In this study, a miniature vagal nerve stimulator was surgically implanted under the skin of 17 individuals with early and late stages of rheumatoid arthritis, 7 of whom had not responded to previous treatment. The device administered a 2.0 mA electrical current to the left vagus nerve for 60 seconds four times a day. This electrical stimulation was strong enough for individuals to feel but not cause any pain. Over the span of 84 days, the study participants underwent periods of active and inactive stimulation.

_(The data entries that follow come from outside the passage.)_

(* Let $k$ be a field, $A,B$ abelian groups, $R$ an $A$-graded and $S$ a $B$-graded finite-dimensional Frobenius $k$-algebra with forms $\langle-,-\rangle_R$, $\langle-,-\rangle_S$, and $t:A\otimes B\to k^\times$ a bicharacter. Define on $R\otimes^tS$, for homogeneous $r,r'\in R$, $s,s'\in S$, $$\langle r\otimes s,r'\otimes s'\rangle=t(|r'|,|s|)\langle r,r'\rangle_R\langle s,s'\rangle_S,$$ extended bilinearly. Then $\langle-,-\rangle$ makes $R\otimes^tS$ a Frobenius algebra.
   Context: $|r|$ denotes the degree of a homogeneous element. The twisted tensor product $R\otimes^tS$ is the vector space $R\otimes S$ with multiplication $(r\otimes s)(r'\otimes s')=t(|r'|,|s|)\,rr'\otimes ss'$ for homogeneous elements. A Frobenius algebra is a finite-dimensional algebra with a nondegenerate bilinear form satisfying $\langle xy,z\rangle=\langle x,yz\rangle$. *)

theory Defs
  imports Main
begin

text \<open>A finite-dimensional k-algebra is modelled in coordinates w.r.t. a basis indexed by a
finite type 'i: elements are functions 'i \<Rightarrow> 'k, multiplication is given by structure
constants m i j l (e_i e_j = sum_l m i j l e_l), u is the unit element.
An A-grading is given by a homogeneous basis: deg i is the degree of e_i.\<close>

definition alg_mult :: "('i::finite \<Rightarrow> 'i \<Rightarrow> 'i \<Rightarrow> 'k::field) \<Rightarrow> ('i \<Rightarrow> 'k) \<Rightarrow> ('i \<Rightarrow> 'k) \<Rightarrow> ('i \<Rightarrow> 'k)" where
  "alg_mult m x y = (\<lambda>l. \<Sum>i\<in>UNIV. \<Sum>j\<in>UNIV. x i * y j * m i j l)"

All individuals reported reduced symptoms while they were receiving daily electrical impulses to the vagus nerve. During withdrawal periods, however, inflammatory symptoms seemed to return. Koopman et. al observed that restarting the treatment remained effective in alleviating symptoms, further confirming that the vagus nerve plays a vital role in modulating the inflammatory system. Investigators also found the clinical benefits of vagal nerve stimulation correlated with a decrease in tumor necrosis factor (TNF), an inflammatory protein that exacerbates the immune system and damages the joints of individuals with arthritis. This was one of the first studies in humans to show that inflammation could be controlled by stimulating the vagus nerve.
Recent vagal nerve stimulation studies have also been successful in reducing the symptoms of Crohn’s disease, another chronic condition characterized by excessive inflammation. One study, for example, followed nine individuals with Crohn’s disease that underwent continuous vagal nerve stimulation over the course of a year. Six of these individuals were able to achieve “healthy” colon profiles that were no longer burdened by inflammation. The improvement of their symptoms correlated with decreased inflammatory biomarkers such as C-reactive protein (CRP) and fecal calprotectin that disrupt the gut microbiome. Given that inflammation can affect multiple organs simultaneously, this novel therapeutic approach could be used to treat multiple conditions at once.
There are, however, considerable questions that remain unanswered. How long would an individual have to wear the device to maintain relief from symptoms? Do its benefits eventually wear off as the body habituates to the electrical simulation? And, can vagal nerve stimulation serve as a cure for some conditions or is it simply an immunosuppressant? The answers to these questions can only be answered by additional clinical trials. Understanding the many roles of the vagus nerve gets us one step closer to finding new therapeutic targets for a range of diseases.